Step 2: First Meeting - 30-60 minute calls with the investment team to hear the business story, assess fit with thesis, and evaluate market opportunity, team quality, and go-to-market strategy.
Step 3: Second Meeting - Initial due diligence is completed, and the startup presents to the weekly investment committee. This is typically the first conversation with Managing Directors Rivera or Korver. Data room access is requested.
Step 4: Market Mapping - The 3-hour collaborative learning exercise described above, followed by Ulu's team creating a decision model that calculates PWM.
Step 5: Final Due Diligence (RUBS) - Discovery of capitalization, legal, and governance risks. Detailed legal diligence and data room analysis. Discussion of term sheets.
Importantly, Ulu does not require warm introductions, though they value referrals from colleagues, co-investors, portfolio teams, and trusted networks. They understand that warm intro requirements can create barriers to capital access.
Recent Activity and Portfolio Performance
Ulu closed Fund IV in October 2024 at $208M—a 50% increase over Fund III's $138M. This brings the firm's total assets under management to over $400M, more than doubling their AUM.
Historically, the firm has demonstrated exceptional returns:
- 10 unicorns in their portfolio
- 3 public companies that have exited
- 9 notable exits across their portfolio companies
- 200+ companies funded across multiple funds
- 85+ deals led
Recent notable investments (2024-2025) include:
- Vytala (GI health, 50%+ monthly sales growth)
- Pando (financial risk mitigation for groups)
- MiSalud (virtual care for Spanish speakers, 16 states, revenue quadrupled)
- True Meter (AI energy management, $4M round)
- Seven Starling (women's behavioral health, $8M raise)
- Labra (cloud GTM platform)
- Illudent (selective cancer treatment)
- RevelAi Health (care orchestration with AI)
- Genesis Therapeutics (molecular AI for drug development)
Decision Timeline and Warm Introduction Policy
Timing varies significantly (from one week to years) depending on when founders reach out and relationship cultivation. However, Ulu endeavors to screen all pitches within 10 business days.

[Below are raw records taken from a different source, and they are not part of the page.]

lemma wgt_plus_slack_add_leaf_leaf:
  assumes G: "wf_graph G" "finite (verts G)" "y \<notin> verts G" and x: "x \<in> verts G"
    and D: "D \<subseteq> verts G" and IH: "x \<notin> D \<Longrightarrow> wgt G D x + slack G D x = 3"
  shows "wgt (add_leaf G x y) D y + slack (add_leaf G x y) D y = 3"
proof -
  have y: "y \<notin> D"
    using D G(3) by auto
  note leaf = slack_add_leaf_leaf[OF G x y] wgt_add_leaf_leaf[OF G(1,3) y, of x]
  show ?thesis
  proof (cases "x \<in> D")
    case True
    then show ?thesis
      using leaf wgt_in_D[OF finite_subset[OF D G(2)] D True] slack_outside[OF True, of G]
      by (simp add: dist_outside)
  next
    case False
    then show ?thesis
      using leaf IH x by (simp add: dist_self field_simps)
  qed
qed

theorem wgt_plus_slack:
  assumes "G \<in> leaf_trees" "D \<subseteq> verts G" "w \<in> verts G - D"
  shows "wgt G D w + slack G D w = 3"
  using assms
proof (induction arbitrary: D w rule: leaf_trees.induct)
  case (single v)
  then have "D = {}" "w = v"
    by auto
  then show ?case
    unfolding wgt_def slack_def degree_def by (simp add: dist_self)
next
  case (add_leaf G x y D w)
  have G: "wf_graph G" "finite (verts G)" "y \<notin> verts G"
    using leaf_trees_wf[OF add_leaf.hyps(1)] add_leaf.hyps(3) by auto
  have finD: "finite D"
    using add_leaf.prems(1) G(2) finite_subset by auto
  consider (in_D) "y \<in> D" | (old) "y \<notin> D" "w \<noteq> y" | (leaf) "y \<notin> D" "w = y"
    by blast
  then show ?case
  proof cases
    case in_D
    then show ?thesis
      using add_leaf.IH[of "D - {y}" w] add_leaf.prems slack_add_leaf_in[OF G add_leaf.hyps(2) in_D]
        wgt_add_leaf_old[OF G(1,3) finD] dist_sym[of _ w x]
      by auto
  next
    case old
    then show ?thesis
      using add_leaf.IH[of D w] add_leaf.prems slack_add_leaf_not_in[OF G add_leaf.hyps(2) old(1)]
        wgt_add_leaf_not_in[OF G(1,3) finD _ old(1)]
      by auto
  next
    case leaf
    then have "D \<subseteq> verts G"
      using add_leaf.prems(1) by auto
    then show ?thesis
      using wgt_plus_slack_add_leaf_leaf[OF G add_leaf.hyps(2)] add_leaf.IH[of D x] add_leaf.hyps(2) leaf
      by simp
  qed
qed

lemma wgt_le_3:
  assumes G: "G \<in> leaf_trees" "subcubic G" and D: "D \<subseteq> verts G" and u: "u \<in> verts G"
  shows "wgt G D u \<le> 3"
proof (cases "u \<in> D")
  case True
  have "finite D"
    using D leaf_trees_wf[OF G(1)] finite_subset by blast
  then show ?thesis
    using wgt_in_D[OF _ D True] by simp
next
  case False
  have "0 \<le> slack G D u"
    using G(2) unfolding slack_def subcubic_def by (intro sum_nonneg) (simp add: half_pow_nonneg)
  then show ?thesis
    using wgt_plus_slack[OF G(1) D] u False by fastforce
qed

lemma wgt_insert_ge:
  assumes G: "G \<in> leaf_trees" "subcubic G" and D: "D \<subseteq> verts G"
    and w: "w \<in> verts G - D" and u: "u \<in> verts G - D" "u \<noteq> w"
  shows "wgt G D u + (3 - real (degree G w)) * half_pow (dist (del G D) w u) \<le> wgt G (insert w D) u"
proof -
  let ?c = "\<lambda>a. 3 - real (degree G a)"
  have fin: "finite (verts G)"
    using leaf_trees_wf[OF G(1)] by simp
  have "slack G D u = ?c w * half_pow (dist (del G D) u w)
      + (\<Sum>a \<in> verts G - D - {w}. ?c a * half_pow (dist (del G D) u a))"
    unfolding slack_def using fin w by (simp add: sum.remove)
  then have "slack G D u = ?c w * half_pow (dist (del G D) w u)
      + (\<Sum>a \<in> verts G - D - {w}. ?c a * half_pow (dist (del G D) u a))"
    by (simp add: dist_sym[of _ u w])
  moreover have V: "verts G - insert w D = verts G - D - {w}"
    by blast
  moreover have "slack G (insert w D) u \<le> (\<Sum>a \<in> verts G - D - {w}. ?c a * half_pow (dist (del G D) u a))"
    unfolding slack_def V
  proof (rule sum_mono)
    fix a assume "a \<in> verts G - D - {w}"
    then have "0 \<le> ?c a"
      using G(2) unfolding subcubic_def by auto
    moreover have "half_pow (dist (del G (insert w D)) u a) \<le> half_pow (dist (del G D) u a)"
      by (intro half_pow_antimono dist_del_mono) auto
    ultimately show "?c a * half_pow (dist (del G (insert w D)) u a) \<le> ?c a * half_pow (dist (del G D) u a)"
      by (rule mult_left_mono[rotated])
  qed
  moreover have "wgt G D u + slack G D u = 3" "wgt G (insert w D) u + slack G (insert w D) u = 3"
    using wgt_plus_slack[OF G(1)] D w u by auto
  ultimately show ?thesis
    by linarith
qed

While the firm appreciates hustle and recognizes warm introductions are helpful, they explicitly do not require them. Founders can reach out directly through their contact page or respond to their "Become an Ulupreneur" submission form.
Founder Support Program
Ulu provides robust founder support beyond capital:
- In-person and virtual events in multiple US cities
- Office hours and community meals
- "Ready for A" program to help portfolio companies raise Series A at great valuations
- GetProven marketplace—vetted software and services providers
- Access to the Ulupreneur community network
- Ongoing founder support without requirement for board representation
Why Diversity Matters to Ulu
Ulu's commitment to diversity is grounded in empirical data. In 2021, all-women teams received 2.2% of VC dollars, 5.4% of companies had women CEOs, and Latinx and African American founders received less than 3% of venture capital. Yet research shows diverse founding teams outperform homogeneous teams. Ulu's approach aims to tap into a broad innovation pool and uncover hidden gems overlooked by traditional VC sourcing.
Notably, while Ulu focuses on diverse founders, white men still comprise the majority of their portfolio (reflecting sector composition), but the firm applies identical criteria to all entrepreneurs regardless of background.
Fund Structure and Portfolio Composition
Ulu constructs portfolios based on probabilistic reasoning. They believe a portfolio of at least 70 companies gives a 96% chance of investing in at least one outlier with superior risk-adjusted returns while balancing diversification with practical deal flow and support considerations.
Historically, they expect to invest in approximately 50 new companies each year. The firm has invested across multiple funds, with Fund III being the $138M predecessor to Fund IV's $208M raise.